もちろん駆け引きのネタは、100年以上前から続いてる【これで貴女も報われる!片想いの男を落とす10の方法!】だ。

このネタを実戦するのはディオ様以来。あとはイメトレ(シリーズ2)と、会話のネタ(シリーズ3)で終わった。そう考えると100年近くブランクがあるし、少し不安だが、でも大丈夫!

ただえさえ恋愛マスターなのに、策士を味方につけてしまったんだもの。向かうところ敵ナシ。恋愛マスターから恋愛の神様に昇格したに違いないぜ。


「どんな作戦で吉影を落とすんじゃ?」

『はい、まずは、【ステップ1、接する機会を増やす】です!』


昔を参考にしようと御猫様のメモ帳を捲っていく。ディオ様で実戦した時の教訓にはこう書いてあった。

【ステップ1、接する機会を増やす】
→夫婦〉恋人〉友達〉知り合い〉他人
→会うと仲良し度も上がる、的な?なんかそんなの。


『うーん(´ε`;)』


何かよく分かんなかったから、イメトレした時の教訓を探してみた。イメトレの内容の一部にはこう書いてあった。

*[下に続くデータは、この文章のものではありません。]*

section \<open>Function modules over a semisimple module\<close>

definition pointwise :: "('a \<Rightarrow> 's \<Rightarrow> 's) \<Rightarrow> 'a \<Rightarrow> ('n \<Rightarrow> 's) \<Rightarrow> 'n \<Rightarrow> 's" where
  "pointwise sm a c = (\<lambda>x. sm a (c x))"

definition fun_single :: "'n \<Rightarrow> 's::zero \<Rightarrow> 'n \<Rightarrow> 's" where
  "fun_single v u = (\<lambda>x. if x = v then u else 0)"

lemma sum_fun_apply: "(\<Sum>i\<in>F. f i) x = (\<Sum>i\<in>F. f i x)"
  by (induction F rule: infinite_finite_induct) auto

lemma fun_single_apply: "fun_single v u x = (if x = v then u else 0)"
  by (simp add: fun_single_def)

lemma g_submodule_fun_single:
  fixes sm :: "'a::comm_ring_1 \<Rightarrow> 's::ab_group_add \<Rightarrow> 's" and v :: 'n
  assumes U: "g_submodule sm f U" and "\<And>a. sm a 0 = 0" and "\<And>d. f d 0 = 0"
  shows "g_submodule (pointwise sm) (pointwise f) (fun_single v ` U)"
proof -
  have single_0: "0 = fun_single v (0::'s)"
    and single_add: "\<And>u u' :: 's. fun_single v u + fun_single v u' = fun_single v (u + u')"
    and single_minus: "\<And>u :: 's. - fun_single v u = fun_single v (- u)"
    and single_smult: "\<And>a u. pointwise sm a (fun_single v u) = fun_single v (sm a u)"
    and single_act: "\<And>d u. pointwise f d (fun_single v u) = fun_single v (f d u)"
    using assms(2,3) by (auto simp: fun_eq_iff fun_single_apply pointwise_def)
  show ?thesis
    unfolding g_submodule_def
  proof (intro conjI ballI allI)
    show "0 \<in> fun_single v ` U"
      using single_0 g_submodule_zero[OF U] by simp
  qed (auto simp: single_add single_minus single_smult single_act g_submoduleD[OF U])
qed

lemma g_submodule_eval:
  fixes sm :: "'a::comm_ring_1 \<Rightarrow> 's::ab_group_add \<Rightarrow> 's" and v :: 'n
  assumes W: "g_submodule (pointwise sm) (pointwise f) W"
  shows "g_submodule sm f ((\<lambda>c. c v) ` W)"
  unfolding g_submodule_def
proof (intro conjI ballI allI)
  show "0 \<in> (\<lambda>c. c v) ` W"
    using g_submodule_zero[OF W] by (force simp: zero_fun_def)
next
  fix x y assume "x \<in> (\<lambda>c. c v) ` W" "y \<in> (\<lambda>c. c v) ` W"
  then obtain c c' where "c \<in> W" "c' \<in> W" "x = c v" "y = c' v"
    by blast
  then show "x + y \<in> (\<lambda>c. c v) ` W"
    using g_submodule_add[OF W] by (intro image_eqI[of _ _ "c + c'"]) auto
next
  fix x assume "x \<in> (\<lambda>c. c v) ` W"
  then obtain c where "c \<in> W" "x = c v"
    by blast
  then show "- x \<in> (\<lambda>c. c v) ` W"
    using g_submodule_minus[OF W] by (intro image_eqI[of _ _ "- c"]) auto
next
  fix a x assume "x \<in> (\<lambda>c. c v) ` W"
  then obtain c where "c \<in> W" "x = c v"
    by blast
  then show "sm a x \<in> (\<lambda>c. c v) ` W"
    using g_submodule_smult[OF W] by (intro image_eqI[of _ _ "pointwise sm a c"]) (auto simp: pointwise_def)
next
  fix d x assume "x \<in> (\<lambda>c. c v) ` W"
  then obtain c where "c \<in> W" "x = c v"
    by blast
  then show "f d x \<in> (\<lambda>c. c v) ` W"
    using g_submodule_act[OF W] by (intro image_eqI[of _ _ "pointwise f d c"]) (auto simp: pointwise_def)
qed

lemma simple_g_submodule_fun_single:
  fixes sm :: "'a::comm_ring_1 \<Rightarrow> 's::ab_group_add \<Rightarrow> 's" and v :: 'n
  assumes U: "simple_g_submodule sm f U" and "\<And>a. sm a 0 = 0" and "\<And>d. f d 0 = 0"
  shows "simple_g_submodule (pointwise sm) (pointwise f) (fun_single v ` U)"
  unfolding simple_g_submodule_def
proof (intro conjI allI impI)
  have U_sub: "g_submodule sm f U" and U_ne: "U \<noteq> {0}"
    and U_min: "\<And>W. g_submodule sm f W \<Longrightarrow> W \<subseteq> U \<Longrightarrow> W = {0} \<or> W = U"
    using U unfolding simple_g_submodule_def by blast+
  show "g_submodule (pointwise sm) (pointwise f) (fun_single v ` U)"
    using g_submodule_fun_single[OF U_sub assms(2,3)] .
  obtain u where "u \<in> U" "u \<noteq> 0"
    using U_ne g_submodule_zero[OF U_sub] by blast
  then show "fun_single v ` U \<noteq> {0}"
    by (metis (mono_tags, lifting) fun_single_apply image_eqI singletonD zero_fun_def)
  fix W assume "g_submodule (pointwise sm) (pointwise f) W \<and> W \<subseteq> fun_single v ` U"
  then have W: "g_submodule (pointwise sm) (pointwise f) W" and W_sub: "W \<subseteq> fun_single v ` U"
    by blast+
  have W_single: "c = fun_single v (c v)" if "c \<in> W" for c
    using W_sub that by (auto simp: fun_single_apply)
  have "(\<lambda>c. c v) ` W \<subseteq> U"
    using W_sub by (auto simp: fun_single_apply)
  then have "(\<lambda>c. c v) ` W = {0} \<or> (\<lambda>c. c v) ` W = U"
    using U_min g_submodule_eval[OF W] by blast
  then show "W = {0} \<or> W = fun_single v ` U"
  proof
    assume "(\<lambda>c. c v) ` W = {0}"
    have "c = 0" if "c \<in> W" for c
    proof -
      have "c v = 0"
        using that \<open>(\<lambda>c. c v) ` W = {0}\<close> by blast
      then show ?thesis
        using W_single[OF that] by (simp add: fun_eq_iff fun_single_apply)
    qed
    then show ?thesis
      using g_submodule_zero[OF W] by blast
  next
    assume "(\<lambda>c. c v) ` W = U"
    then have "fun_single v ` U \<subseteq> W"
      using W_single by auto
    then show ?thesis
      using W_sub by blast
  qed
qed

lemma semisimple_decomposition:
  assumes "g_semisimple sm f"
  obtains \<M> F x where "\<forall>U\<in>\<M>. simple_g_submodule sm f U"
    and "\<And>s. finite (F s)" "\<And>s. F s \<subseteq> \<M>" "\<And>s U. U \<in> F s \<Longrightarrow> x s U \<in> U"
    and "\<And>s. s = (\<Sum>U\<in>F s. x s U)"
proof -
  obtain \<M> where "\<forall>U\<in>\<M>. simple_g_submodule sm f U"
    and "\<forall>s. \<exists>F x. finite F \<and> F \<subseteq> \<M> \<and> (\<forall>U\<in>F. x U \<in> U) \<and> s = (\<Sum>U\<in>F. x U)"
    using assms unfolding g_semisimple_def dsum_decomp_def by (metis UNIV_I)
  moreover from this(2) obtain F x
    where "\<forall>s. finite (F s) \<and> F s \<subseteq> \<M> \<and> (\<forall>U\<in>F s. x s U \<in> U) \<and> s = (\<Sum>U\<in>F s. x s U)"
    by metis
  ultimately show ?thesis
    using that[of \<M> F x] by blast
qed

lemma semisimple_fun_in_family_sum:
  fixes sm :: "'a::comm_ring_1 \<Rightarrow> 's::ab_group_add \<Rightarrow> 's" and r :: "'n \<Rightarrow> 's"
  assumes "g_semisimple sm f" "\<And>a. sm a 0 = 0" "\<And>d. f d 0 = 0" "finite X"
  obtains I UU c where "finite (I :: ('n \<times> 's set) set)"
    "\<forall>p\<in>I. simple_g_submodule (pointwise sm) (pointwise f) (UU p)"
    "c \<in> family_sum I UU" "\<And>v. v \<in> X \<Longrightarrow> c v = r v"
proof -
  obtain \<M> F x where simple: "\<forall>U\<in>\<M>. simple_g_submodule sm f U"
    and F: "\<And>s. finite (F s)" "\<And>s. F s \<subseteq> \<M>" "\<And>s U. U \<in> F s \<Longrightarrow> x s U \<in> U"
    and dec: "\<And>s. s = (\<Sum>U\<in>F s. x s U)"
    using semisimple_decomposition[OF assms(1)] by metis
  define I where "I = (SIGMA v:X. F (r v))"
  define UU where "UU p = fun_single (fst p) ` snd p" for p :: "'n \<times> 's set"
  define c where "c = (\<Sum>p\<in>I. fun_single (fst p) (x (r (fst p)) (snd p)))"
  have "finite I"
    unfolding I_def using assms(4) F(1) by simp
  moreover have "\<forall>p\<in>I. simple_g_submodule (pointwise sm) (pointwise f) (UU p)"
  proof
    fix p assume "p \<in> I"
    then obtain v U where "p = (v, U)" "U \<in> \<M>"
      unfolding I_def using F(2) by blast
    then show "simple_g_submodule (pointwise sm) (pointwise f) (UU p)"
      unfolding UU_def using simple assms(2,3) by (simp add: simple_g_submodule_fun_single)
  qed
  moreover have "c \<in> family_sum I UU"
    unfolding family_sum_def c_def I_def UU_def using F(3) by auto
  moreover have "c v = r v" if "v \<in> X" for v
  proof -
    have "c v = (\<Sum>v'\<in>X. \<Sum>U\<in>F (r v'). fun_single v' (x (r v') U) v)"
      unfolding c_def I_def sum_fun_apply
      using sum.Sigma[OF assms(4), of "\<lambda>v. F (r v)" "\<lambda>v' U. fun_single v' (x (r v') U) v"] F(1)
      by (simp add: case_prod_beta)
    also have "\<dots> = (\<Sum>v'\<in>X. if v' = v then r v else 0)"
      by (rule sum.cong) (auto simp: fun_single_apply dec[symmetric])
    also have "\<dots> = r v"
      using that assms(4) by simp
    finally show ?thesis .
  qed
  ultimately show ?thesis
    by (rule that)
qed

section \<open>Invariants of (S^0, g)-modules\<close>

locale S0_g_setting = graded_ring sigma Sgr
  for sigma :: "'a::comm_ring_1 \<Rightarrow> 's::comm_ring_1" and Sgr :: "nat \<Rightarrow> 's set" +
  fixes phi :: "'g \<Rightarrow> 's \<Rightarrow> 's" and nsc :: "'s \<Rightarrow> 'n::ab_group_add \<Rightarrow> 'n" and psi :: "'g \<Rightarrow> 'n \<Rightarrow> 'n"
  assumes phi_add: "phi d (x + y) = phi d x + phi d y"
    and phi_graded: "s \<in> Sgr i \<Longrightarrow> phi d s \<in> Sgr i"
    and nsc_module: "module_on (Sgr 0) nsc"
    and psi_add: "psi d (m + m') = psi d m + psi d m'"
    and leibniz: "s \<in> Sgr 0 \<Longrightarrow> psi d (nsc s m) = nsc (phi d s) m + nsc s (psi d m)"
begin

lemma nsc_assoc: "r \<in> Sgr 0 \<Longrightarrow> s \<in> Sgr 0 \<Longrightarrow> nsc (r * s) m = nsc r (nsc s m)"
  and nsc_one: "nsc 1 m = m"
  and nsc_add_left: "r \<in> Sgr 0 \<Longrightarrow> s \<in> Sgr 0 \<Longrightarrow> nsc (r + s) m = nsc r m + nsc s m"
  and nsc_add_right: "r \<in> Sgr 0 \<Longrightarrow> nsc r (m + m') = nsc r m + nsc r m'"
  using nsc_module unfolding module_on_def by blast+

lemma nsc_zero_right: "r \<in> Sgr 0 \<Longrightarrow> nsc r 0 = 0"
  using nsc_add_right[of r 0 0] by simp

lemma nsc_sum_right: "finite F \<Longrightarrow> r \<in> Sgr 0 \<Longrightarrow> nsc r (sum g F) = (\<Sum>i\<in>F. nsc r (g i))"
  by (induction F rule: finite_induct) (simp_all add: nsc_zero_right nsc_add_right)

lemma psi_zero: "psi d 0 = 0"
  using psi_add[of d 0 0] by simp

lemma psi_sum: "finite F \<Longrightarrow> psi d (sum g F) = (\<Sum>i\<in>F. psi d (g i))"
  by (induction F rule: finite_induct) (simp_all add: psi_zero psi_add)

lemma phi_deg0_part: "phi d (deg0_part Sgr s) = deg0_part Sgr (phi d s)"
  using deg0_part_commute[of "phi d"] phi_add phi_graded by metis

lemma psi_nsc_invariant:
  assumes "r \<in> Sgr 0" "psi d m = 0"
  shows "psi d (nsc r m) = nsc (phi d r) m"
  using leibniz[OF assms(1)] assms nsc_zero_right by simp

definition deg0_action :: "'s \<Rightarrow> 'n \<Rightarrow> 'n" where
  "deg0_action s m = nsc (deg0_part Sgr s) m"

lemma ring_module_deg0_action: "ring_module deg0_action"
  unfolding ring_module_def module_on_def deg0_action_def
  by (simp add: deg0_part_add deg0_part_mult deg0_part_deg0 deg0_part_one
      nsc_assoc nsc_one nsc_add_left nsc_add_right)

【ステップ1、接する機会を増やす】ですね。これは毎日一緒に過ごしてれば勝手にクリアするので飛ばしましょう。


『んじゃ、飛ばそう♪ヽ(´▽`)/』


自動的に【ステップ1、接する機会を増やす】クリア。昔の私は、今はまだ他人のような関係でも、毎日を楽しく一緒に過ごせば夫婦のような関係になる。ってことを伝えたかったんだと思う。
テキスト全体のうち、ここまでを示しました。